= Battle of Vottem =

The battle of Vottem of 18 July 1346 was the first major engagement of the Liégeois revolt of 1345–1347, in which an entrenched force of infantry routed an elite cavalry formation, slaughtering 57 knights in the process.

The cause of the revolt was the election of Engelbert von der Mark as prince-bishop of Liège on 23 February 1345. He was the nephew of his predecessor, Adolf von der Mark, who in 1343 had repealed the constitution he had been forced to concede in 1330–1331. At Engelbert's election, both sides, citizens and bishop, began gathering armies and preparing for war.

==Primary sources==
The battle of Vottem was widely reported in contemporary sources. The major contemporary accounts are those of Jean le Bel and Mathias von Neuenberg, as well as the Récits d'un bourgeois de Valenciennes and Chronique de l'abbaye de Saint-Trond. Shorter contemporary accounts are found in Levold von Northof, Giovanni Villani, Johannes von Winterthur, Jean de Hocsem, Heinrich von Diessenhofen, Heinrich von Rebdorf, the Lübecker Ratschronik, the Notae Colonienses, the Annales Agrippinenses, the Brabantsche Yeesten of Jan van Boendale, the Miroir des nobles de Hesbaye of Jacques de Hemricourt and the Vita Clementis VI of Werner von Haselbeck.

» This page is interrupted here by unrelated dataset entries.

(* Let $\lambda\in(0,1)$ and $\omega\in(0,1]$ be fixed with $\omega\le (1-\lambda)/\lambda$. The capacity of the symmetric network coding channel $\mathrm{SNC}(\lambda,\omega)$ is $$C(\lambda,\omega)=1-\lambda-\omega+\lambda\omega^2 .$$
   Context: Fix a prime power $q$ and the finite field $\mathbb{F}_q$. For an integer $N$ let $\ell=\lambda N$ and $m=N-\ell$ (considered along values of $N$ for which $\ell$ and $\ell\omega$ are integers). The symmetric network coding channel $\mathrm{SNC}(\lambda,\omega)$ has as input an $\ell\times m$ matrix $\underline{x}$ over $\mathbb{F}_q$ and as output $\underline{y}=\underline{x}+\underline{z}$, where $\underline{z}$ is chosen, independently of $\underline{x}$, uniformly at random among all $\ell\times m$ matrices over $\mathbb{F}_q$ of rank exactly $\ell\omega$. Its capacity is defined as $$C(\lambda,\omega)=\lim_{N\to\infty,\ \ell=\lambda N}\frac{1}{N\ell}\sup_{P_{\underline{X}}} I(\underline{X};\underline{Y}),$$ where the supremum is over input distributions, $I$ is mutual information measured in base-$q$ logarithms, and $\underline{Y}$ is the channel output for input $\underline{X}$. *)

theory Defs
  imports "HOL-Analysis.Analysis" "Jordan_Normal_Form.DL_Rank"
begin

definition SNC_inputs :: "nat \<Rightarrow> nat \<Rightarrow> 'a::{finite,field} mat set" where
  "SNC_inputs l m = carrier_mat l m"

definition SNC_noise :: "nat \<Rightarrow> nat \<Rightarrow> nat \<Rightarrow> 'a::{finite,field} mat set" where
  "SNC_noise l m r = {Z \<in> carrier_mat l m. vec_space.rank l Z = r}"

text \<open>Transition probability W(y|x): Z uniform on the rank-r matrices, Y = X + Z.\<close>
definition SNC_W :: "nat \<Rightarrow> nat \<Rightarrow> nat \<Rightarrow> 'a::{finite,field} mat \<Rightarrow> 'a mat \<Rightarrow> real" where
  "SNC_W l m r x y =
     (if y - x \<in> SNC_noise l m r then 1 / real (card (SNC_noise l m r :: 'a mat set)) else 0)"

definition SNC_input_dists :: "nat \<Rightarrow> nat \<Rightarrow> ('a::{finite,field} mat \<Rightarrow> real) set" where
  "SNC_input_dists l m = {P. (\<forall>x. P x \<ge> 0) \<and> (\<forall>x. x \<notin> SNC_inputs l m \<longrightarrow> P x = 0)
                             \<and> (\<Sum>x\<in>SNC_inputs l m. P x) = 1}"

definition SNC_out :: "nat \<Rightarrow> nat \<Rightarrow> nat \<Rightarrow> ('a::{finite,field} mat \<Rightarrow> real) \<Rightarrow> 'a mat \<Rightarrow> real" where
  "SNC_out l m r P y = (\<Sum>x\<in>SNC_inputs l m. P x * SNC_W l m r x y)"

definition SNC_MI :: "nat \<Rightarrow> nat \<Rightarrow> nat \<Rightarrow> ('a::{finite,field} mat \<Rightarrow> real) \<Rightarrow> real" where
  "SNC_MI l m r P =
     (\<Sum>x\<in>SNC_inputs l m. \<Sum>y\<in>SNC_inputs l m.
        (if P x * SNC_W l m r x y = 0 then 0
         else P x * SNC_W l m r x y
              * log (real CARD('a)) (SNC_W l m r x y / SNC_out l m r P y)))"

definition SNC_lengths :: "real \<Rightarrow> real \<Rightarrow> nat set" where
  "SNC_lengths lam om = {N. \<exists>l k :: nat. real l = lam * real N \<and> real k = real l * om}"

text \<open>Normalized capacity at block length N: (1/(N l)) sup_P I(X;Y), with
  l = lambda N, m = N - l, r = l omega (exact integers for N in SNC_lengths).\<close>
definition SNC_cap_N :: "'a::{finite,field} itself \<Rightarrow> real \<Rightarrow> real \<Rightarrow> nat \<Rightarrow> real" where
  "SNC_cap_N _ lam om N =
     (let l = nat \<lfloor>lam * real N\<rfloor>; m = N - l; r = nat \<lfloor>real l * om\<rfloor> in
      (1 / (real N * real l)) * (SUP P \<in> (SNC_input_dists l m :: ('a mat \<Rightarrow> real) set). SNC_MI l m r P))"

end

theory Submission
  imports Defs
begin

text \<open>The noise is uniform on the set of \<open>K\<close> matrices of rank \<open>r\<close> and independent of the input,
  so \<open>I(X;Y) = H(Y) - log\<^sub>q K\<close>, which the uniform input maximises: the block capacity is
  \<open>l m - log\<^sub>q K\<close>. A rank-\<open>r\<close> matrix is determined by \<open>r\<close> columns spanning its column space
  together with the coefficients expressing the other columns in them; counting these data
  gives \<open>log\<^sub>q K = r (l + m - r) + O(m)\<close>. With \<open>l = \<lambda>N\<close>, \<open>m = (1 - \<lambda>)N\<close> and \<open>r = \<lambda>\<omega>N\<close>,
  dividing by \<open>N l\<close> yields \<open>1 - \<lambda> - \<omega> + \<lambda>\<omega>\<^sup>2\<close> up to an error \<open>1/(\<lambda>N)\<close>.\<close>

lemma card_field_ge_2: "CARD('a::{finite,field}) \<ge> 2"
proof -
  have "card {0::'a, 1} = 2" by simp
  moreover have "card {0::'a, 1} \<le> CARD('a)" by (rule card_mono) auto
  ultimately show ?thesis by simp
qed

lemma bij_betw_carrier_vec_PiE:
  "bij_betw (\<lambda>v. restrict (($) v) {..<n}) (carrier_vec n) ({..<n} \<rightarrow>\<^sub>E (UNIV :: 'a set))"
  by (rule bij_betwI[where g = "vec n"])
    (auto intro!: eq_vecI simp: fun_eq_iff PiE_def extensional_def)

lemma card_carrier_vec: "card (carrier_vec n :: 'a::finite vec set) = CARD('a) ^ n"
  using bij_betw_same_card[OF bij_betw_carrier_vec_PiE[of n]] by (simp add: card_PiE)

lemma finite_carrier_vec: "finite (carrier_vec n :: 'a::finite vec set)"
  using bij_betw_finite[OF bij_betw_carrier_vec_PiE[of n]] by (auto intro!: finite_PiE)

lemma bij_betw_carrier_mat_PiE:
  "bij_betw (\<lambda>A. restrict (\<lambda>(i, j). A $$ (i, j)) ({..<l} \<times> {..<m})) (carrier_mat l m)
     ({..<l} \<times> {..<m} \<rightarrow>\<^sub>E (UNIV :: 'a set))"
  by (rule bij_betwI[where g = "mat l m"])
    (auto intro!: eq_matI simp: fun_eq_iff PiE_def extensional_def)

lemma card_carrier_mat: "card (carrier_mat l m :: 'a::finite mat set) = CARD('a) ^ (l * m)"
  using bij_betw_same_card[OF bij_betw_carrier_mat_PiE[of l m]] by (simp add: card_PiE)

lemma finite_carrier_mat: "finite (carrier_mat l m :: 'a::finite mat set)"
  using bij_betw_finite[OF bij_betw_carrier_mat_PiE[of l m]] by (auto intro!: finite_PiE)

lemma card_translate_mat:
  fixes x :: "'a::ab_group_add mat"
  assumes "x \<in> carrier_mat l m" and "Z \<subseteq> carrier_mat l m"
  shows "card {y \<in> carrier_mat l m. y - x \<in> Z} = card Z"
proof -
  have "z + x - x = z" if "z \<in> carrier_mat l m" for z
    using that assms(1) by (intro eq_matI) auto
  then have "bij_betw (\<lambda>y. y - x) {y \<in> carrier_mat l m. y - x \<in> Z} Z"
    by (intro bij_betwI[where g = "\<lambda>z. z + x"]) (use assms in \<open>auto intro!: eq_matI\<close>)
  then show ?thesis by (rule bij_betw_same_card)
qed

lemma card_reflect_mat:
  fixes y :: "'a::ab_group_add mat"
  assumes "y \<in> carrier_mat l m" and "Z \<subseteq> carrier_mat l m"
  shows "card {x \<in> carrier_mat l m. y - x \<in> Z} = card Z"
proof -
  have "y - (y - z) = z" "y - z \<in> carrier_mat l m" if "z \<in> carrier_mat l m" for z
    using that assms(1) by (auto intro!: eq_matI)
  then have "bij_betw (\<lambda>x. y - x) {x \<in> carrier_mat l m. y - x \<in> Z} Z"
    by (intro bij_betwI[where g = "\<lambda>z. y - z"]) (use assms in auto)
  then show ?thesis by (rule bij_betw_same_card)
qed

Among later accounts, that of Jean d'Outremeuse is the most important. It is based in part on eyewitnesses and is found spread across three separate works: his chronicle, Chronique abrégêe; a poem dedicated to the battle, Delle batalhe à Votemme; and his world history, Ly Myreur des Histors.

==Order of battle==
Only one source estimates the size of the rebel army. Mathias von Neuenberg puts it at 40,000 soldiers. It include men from Huy, Dinant and Bouvignes. Other than the mayor of Liège, Arnoul de Hautepenne, the rebel ranks contained only four knights: Godefroid de Harduemont, Louis d'Agimont, Jean de Borgneval and Walthier de Hautepenne. According to the Récits d'un bourgeois de Valenciennes, the rebels were armed mainly with axes and hammers, some of iron or steel but others of bronze or lead.

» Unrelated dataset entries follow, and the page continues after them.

(* Let $(\sigma_n)_{n\ge1}$ be complex numbers with $\liminf_{n\to\infty}(\operatorname{Re}\sigma_{n+1}-\operatorname{Re}\sigma_n)=\gamma>0$ and $(\operatorname{Im}\sigma_n)$ bounded. Then for every $\varepsilon\in(0,1)$ and every $T>\frac{\pi}{\gamma\sqrt{1-\varepsilon}}$ there exist a constant $c(T)>0$ (depending on $T$, $\varepsilon$ and $(\sigma_n)$) and $n_0=n_0(\varepsilon)\in\mathbb{N}$, both independent of $(F_n)$, with $n_0$ independent of $T$, such that for every complex sequence $(F_n)$ with $\sum|F_n|^2<\infty$, $$\int_{-\infty}^{\infty}k^*(t)\Big|\sum_{n=n_0}^\infty F_ne^{i\sigma_nt}+\overline{F_n}e^{-i\overline{\sigma_n}t}\Big|^2dt\le c(T)\sum_{n=n_0}^\infty|F_n|^2 .$$
   Context: For $T>0$, $k^*(t):=\cos\big(\frac{\pi t}{2T}\big)$ for $|t|\le T$ and $k^*(t):=0$ for $|t|>T$. *)

theory Defs
  imports "HOL-Analysis.Analysis"
begin

definition kstar :: "real \<Rightarrow> real \<Rightarrow> real" where
  "kstar T t = (if \<bar>t\<bar> \<le> T then cos (pi * t / (2 * T)) else 0)"

end

theory Submission
  imports Defs
begin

Mathias von Neuenberg estimates the size of the bishop's army at 9,000 soldiers, far smaller than the rebel force. Jean le Bel makes the discrepancy even larger, estimating that the bishop had only one twentieth of the troops available to the rebels. He says, however, that this included the "lords of Germany". Some of these lords known by name include the bishop's brother, Count Adolf II of Mark; the emperor's father, King John the Blind of Bohemia; Marquis William V of Jülich; Duke Reginald III of Guelders; Count Adolf VIII of Berg; Count William I of Namur; Diederik of Heinsberg, count of Loon; and Dirk IV of Valkenburg, burgrave of Zeeland. Besides these mounted men and their knights, the bishop did have foot soldiers.

==Description==
Vottem was a suburb outside the walls of Liège, lying along the road from Tongeren. Learning that the bishop had gathering an army at Tongeren and was marching on Liège, the rebels prepared to make a stand at Vottem and prevent the bishop from entering the city. According to Johannes von Winterthur, the rebels' decision to fight beneath the city walls raised their morale. Jean de Hocsem dates the rebels' encampment to 16 July. Various sources attest that they dug trenches for cover.

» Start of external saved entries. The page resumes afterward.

lemma inner_masked_attn_segment_derivative:
  fixes A :: "real^'d^'d" and V :: "real^'d^'k" and X H :: "nat \<Rightarrow> real^'d" and d :: "real^'k"
  assumes "\<And>j. j \<le> i \<Longrightarrow> norm (X j + t *\<^sub>R H j) \<le> R"
  shows "\<exists>D'. ((\<lambda>t. d \<bullet> masked_attn A V (\<lambda>j. X j + t *\<^sub>R H j) i) has_real_derivative D') (at t)
    \<and> \<bar>D'\<bar> \<le> norm d * spec_norm V * (sqrt (\<Sum>j\<le>i. (norm (H j))\<^sup>2)
         + spec_norm A * R\<^sup>2 * norm (H i) + spec_norm A * R\<^sup>2 * sqrt (\<Sum>j\<le>i. (norm (H j))\<^sup>2))"
proof -
  define Z where "Z t j = X j + t *\<^sub>R H j" for t j
  define b where "b u w = u \<bullet> (transpose A *v w)" for u w
  define L where "L v = d \<bullet> (V *v v)" for v
  define p where "p = softmax (\<lambda>j. b (Z t i) (Z t j)) {..i}"
  define s' where "s' j = b (H i) (Z t j) + b (Z t i) (H j)" for j
  define D' where "D' = (\<Sum>j\<le>i. p j * L (H j)) + (\<Sum>j\<le>i. p j * s' j * L (Z t j))
      - (\<Sum>j\<le>i. p j * L (Z t j)) * (\<Sum>j\<le>i. p j * s' j)"
  have "bilinear b" unfolding b_def by (rule bilinear_inner_matrix_vector_mult)
  have "linear L" unfolding L_def by (rule linear_inner_matrix_vector_mult)
  have b_le: "\<bar>b u w\<bar> \<le> spec_norm A * norm u * norm w" for u w
    unfolding b_def by (rule abs_inner_transpose_mult_le)
  have "((\<lambda>t. \<Sum>j\<le>i. softmax (\<lambda>j. b (Z t i) (Z t j)) {..i} j * L (Z t j)) has_real_derivative D') (at t)"
    unfolding D'_def p_def
  proof (rule has_real_derivative_softmax_mean)
    show "((\<lambda>t. b (Z t i) (Z t j)) has_real_derivative s' j) (at t)" for j
      unfolding Z_def s'_def by (rule has_real_derivative_bilinear_segment[OF \<open>bilinear b\<close>])
    have "L (Z t j) = L (X j) + t * L (H j)" for t j
      unfolding Z_def using \<open>linear L\<close> by (simp add: linear_add linear_scale)
    then show "((\<lambda>t. L (Z t j)) has_real_derivative L (H j)) (at t)" for j
      by (auto intro!: derivative_eq_intros)
  qed auto
  then have deriv: "((\<lambda>t. d \<bullet> masked_attn A V (\<lambda>j. X j + t *\<^sub>R H j) i) has_real_derivative D') (at t)"
    by (simp add: inner_masked_attn_eq_softmax_mean Z_def b_def L_def)
  have "\<bar>D'\<bar> \<le> norm d * spec_norm V * (sqrt (\<Sum>j\<le>i. (norm (H j))\<^sup>2)
         + spec_norm A * R\<^sup>2 * norm (H i) + spec_norm A * R\<^sup>2 * sqrt (\<Sum>j\<le>i. (norm (H j))\<^sup>2))"
    unfolding D'_def s'_def
  proof (rule attention_row_derivative_le)
    show "\<bar>L v\<bar> \<le> norm d * spec_norm V * norm v" for v
      unfolding L_def using Cauchy_Schwarz_ineq2[of d "V *v v"] norm_matrix_vector_mult_le[of V v]
      by (metis mult.assoc mult_left_mono norm_ge_zero order_trans)
    show "sqrt (\<Sum>j\<le>i. p j * (norm (H j))\<^sup>2) \<le> sqrt (\<Sum>j\<le>i. (norm (H j))\<^sup>2)"
      unfolding p_def
      by (intro real_sqrt_le_mono sum_mono mult_left_le_one_le) (auto simp: softmax_le_1 softmax_nonneg)
  qed (use assms \<open>linear L\<close> b_le in \<open>auto simp: p_def sum_softmax softmax_nonneg Z_def spec_norm_nonneg\<close>)
  with deriv show ?thesis by blast
qed

lemma frob_masked_attn_diff_sq_le:
  fixes A :: "real^'d^'d" and V :: "real^'d^'k" and X Y :: "nat \<Rightarrow> real^'d"
  assumes X_le: "\<And>i. i < n \<Longrightarrow> norm (X i) \<le> R" and Y_le: "\<And>i. i < n \<Longrightarrow> norm (Y i) \<le> R"
  shows "(frob n (\<lambda>i. masked_attn A V X i - masked_attn A V Y i))\<^sup>2
    \<le> spec_norm V * (\<Sum>i<n. norm (masked_attn A V X i - masked_attn A V Y i)
         * (sqrt (\<Sum>j\<le>i. (norm (X j - Y j))\<^sup>2) + spec_norm A * R\<^sup>2 * norm (X i - Y i)
            + spec_norm A * R\<^sup>2 * sqrt (\<Sum>j\<le>i. (norm (X j - Y j))\<^sup>2)))"
proof -
  define f where "f = masked_attn A V"
  define D where "D i = f X i - f Y i" for i
  define Z where "Z t j = Y j + t *\<^sub>R (X j - Y j)" for t j
  define m where "m i = sqrt (\<Sum>j\<le>i. (norm (X j - Y j))\<^sup>2) + spec_norm A * R\<^sup>2 * norm (X i - Y i)
      + spec_norm A * R\<^sup>2 * sqrt (\<Sum>j\<le>i. (norm (X j - Y j))\<^sup>2)" for i
  define \<psi> where "\<psi> t = (\<Sum>i<n. D i \<bullet> f (Z t) i)" for t
  define g where "g t i = (SOME D'. ((\<lambda>t. D i \<bullet> f (Z t) i) has_real_derivative D') (at t)
      \<and> \<bar>D'\<bar> \<le> norm (D i) * spec_norm V * m i)" for t i
  have g: "((\<lambda>t. D i \<bullet> f (Z t) i) has_real_derivative g t i) (at t)
      \<and> \<bar>g t i\<bar> \<le> norm (D i) * spec_norm V * m i" if "0 \<le> t" "t \<le> 1" "i < n" for t i
    unfolding g_def
  proof (rule someI_ex)
    have "norm (Z t j) \<le> R" if "j \<le> i" for j
      unfolding Z_def using that \<open>i < n\<close> \<open>0 \<le> t\<close> \<open>t \<le> 1\<close>
      by (intro norm_segment_le X_le Y_le) auto
    then show "\<exists>D'. ((\<lambda>t. D i \<bullet> f (Z t) i) has_real_derivative D') (at t)
        \<and> \<bar>D'\<bar> \<le> norm (D i) * spec_norm V * m i"
      unfolding Z_def f_def m_def by (rule inner_masked_attn_segment_derivative)
  qed
  have "(\<psi> has_real_derivative (\<Sum>i<n. g t i)) (at t)" if "0 \<le> t" "t \<le> 1" for t
    unfolding \<psi>_def using g that by (auto intro!: DERIV_sum)
  then obtain \<xi> where "0 < \<xi>" "\<xi> < 1" and mvt: "\<psi> 1 - \<psi> 0 = (\<Sum>i<n. g \<xi> i)"
    using MVT2[of 0 1 \<psi> "\<lambda>t. \<Sum>i<n. g t i"] by auto
  have "Z 1 = X" "Z 0 = Y" by (simp_all add: Z_def fun_eq_iff)
  then have "\<psi> 1 - \<psi> 0 = (\<Sum>i<n. (norm (D i))\<^sup>2)"
    by (simp add: \<psi>_def sum_subtractf[symmetric] power2_norm_eq_inner inner_diff_right D_def)
  also have "\<dots> = (frob n D)\<^sup>2"
    unfolding frob_def by (simp add: sum_nonneg)
  finally have "(frob n D)\<^sup>2 = (\<Sum>i<n. g \<xi> i)"
    using mvt by simp
  also have "\<dots> \<le> (\<Sum>i<n. norm (D i) * spec_norm V * m i)"
  proof (rule sum_mono)
    fix i assume "i \<in> {..<n}"
    then have "\<bar>g \<xi> i\<bar> \<le> norm (D i) * spec_norm V * m i"
      using g \<open>0 < \<xi>\<close> \<open>\<xi> < 1\<close> by simp
    then show "g \<xi> i \<le> norm (D i) * spec_norm V * m i" by linarith
  qed
  also have "\<dots> = spec_norm V * (\<Sum>i<n. norm (D i) * m i)"
    by (simp add: sum_distrib_left mult_ac)
  finally show ?thesis
    unfolding D_def f_def m_def .
qed

lemma sum_mult_three_terms_le:
  fixes d h q :: "nat \<Rightarrow> real"
  assumes "\<And>i. i < n \<Longrightarrow> 0 \<le> q i" and "\<And>i. i < n \<Longrightarrow> q i \<le> sqrt (\<Sum>j<n. (h j)\<^sup>2)" and "c \<ge> 0"
  shows "(\<Sum>i<n. \<bar>d i\<bar> * (q i + c * \<bar>h i\<bar> + c * q i))
    \<le> sqrt 3 * sqrt (c\<^sup>2 * (real n + 1) + real n) * sqrt (\<Sum>i<n. (d i)\<^sup>2) * sqrt (\<Sum>i<n. (h i)\<^sup>2)"
proof -
  define S where "S = (\<Sum>j<n. (h j)\<^sup>2)"
  define m where "m i = q i + c * \<bar>h i\<bar> + c * q i" for i
  have "S \<ge> 0" unfolding S_def by (simp add: sum_nonneg)
  have q_sq: "(q i)\<^sup>2 \<le> S" if "i < n" for i
    using power_mono[OF assms(2,1)[OF that], of 2] \<open>S \<ge> 0\<close> by (simp add: S_def)
  have three_sq: "(x + y + z)\<^sup>2 \<le> 3 * (x\<^sup>2 + y\<^sup>2 + z\<^sup>2)" for x y z :: real
  proof -
    have "3 * (x\<^sup>2 + y\<^sup>2 + z\<^sup>2) - (x + y + z)\<^sup>2 = (x - y)\<^sup>2 + (y - z)\<^sup>2 + (x - z)\<^sup>2"
      by (simp add: power2_eq_square algebra_simps)
    then show ?thesis by (smt (verit) zero_le_power2)
  qed
  have "(m i)\<^sup>2 \<le> 3 * (S + c\<^sup>2 * (h i)\<^sup>2 + c\<^sup>2 * S)" if "i < n" for i
  proof -
    have "(m i)\<^sup>2 \<le> 3 * ((q i)\<^sup>2 + c\<^sup>2 * (h i)\<^sup>2 + c\<^sup>2 * (q i)\<^sup>2)"
      using three_sq[of "q i" "c * \<bar>h i\<bar>" "c * q i"] unfolding m_def by (simp add: power_mult_distrib)
    also have "\<dots> \<le> 3 * (S + c\<^sup>2 * (h i)\<^sup>2 + c\<^sup>2 * S)"
      using q_sq[OF that] by (intro mult_left_mono add_mono) auto
    finally show ?thesis .
  qed
  then have "(\<Sum>i<n. (m i)\<^sup>2) \<le> (\<Sum>i<n. 3 * (S + c\<^sup>2 * (h i)\<^sup>2 + c\<^sup>2 * S))"
    by (intro sum_mono) auto
  also have "\<dots> = 3 * (c\<^sup>2 * (real n + 1) + real n) * S"
    by (simp add: sum.distrib sum_distrib_left[symmetric] S_def algebra_simps)
  finally have "sqrt (\<Sum>i<n. (m i)\<^sup>2) \<le> sqrt 3 * sqrt (c\<^sup>2 * (real n + 1) + real n) * sqrt S"
    by (simp add: real_sqrt_mult[symmetric])
  then have "sqrt (\<Sum>i<n. (d i)\<^sup>2) * sqrt (\<Sum>i<n. (m i)\<^sup>2)
      \<le> sqrt (\<Sum>i<n. (d i)\<^sup>2) * (sqrt 3 * sqrt (c\<^sup>2 * (real n + 1) + real n) * sqrt S)"
    by (rule mult_left_mono) (simp add: sum_nonneg)
  moreover have "(\<Sum>i<n. \<bar>d i\<bar> * m i) \<le> sqrt (\<Sum>i<n. (d i)\<^sup>2) * sqrt (\<Sum>i<n. (m i)\<^sup>2)"
    using weighted_Cauchy_Schwarz[of "{..<n}" "\<lambda>_. 1" "\<lambda>i. \<bar>d i\<bar>" m] by simp
  ultimately show ?thesis
    unfolding m_def S_def by (simp add: mult_ac)
qed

The bishop's army arrived before Vottem on 18 July. The cavalry formed up in three lines and charged, "incautiously" according to Werner von Haselbeck. The defenders were in tight formation in their trenches. The Chronique de l'abbaye de Saint-Trond notes that the attackers were overconfident. When the cavalry charge descended into confusion, the defenders left their trenches but maintained a tight line. The disorganized cavalry was readily unhorsed by the defenders and the battle became a rout. The cavalry abandoned the infantry on the field. Only then did the rebels break ranks to cut down stragglers. Dirk IV of Valkenburg refused at first to retreat and was killed. According to the Récits d'un bourgeois de Valenciennes, the rebels took no prisoners.

==Aftermath==
In total, 57 knights and over 300 infantry were killed in the bishop's army.

In 1347, Engelbert regained control of Liège at the battle of Tourinne, bringing the rebellion to an end.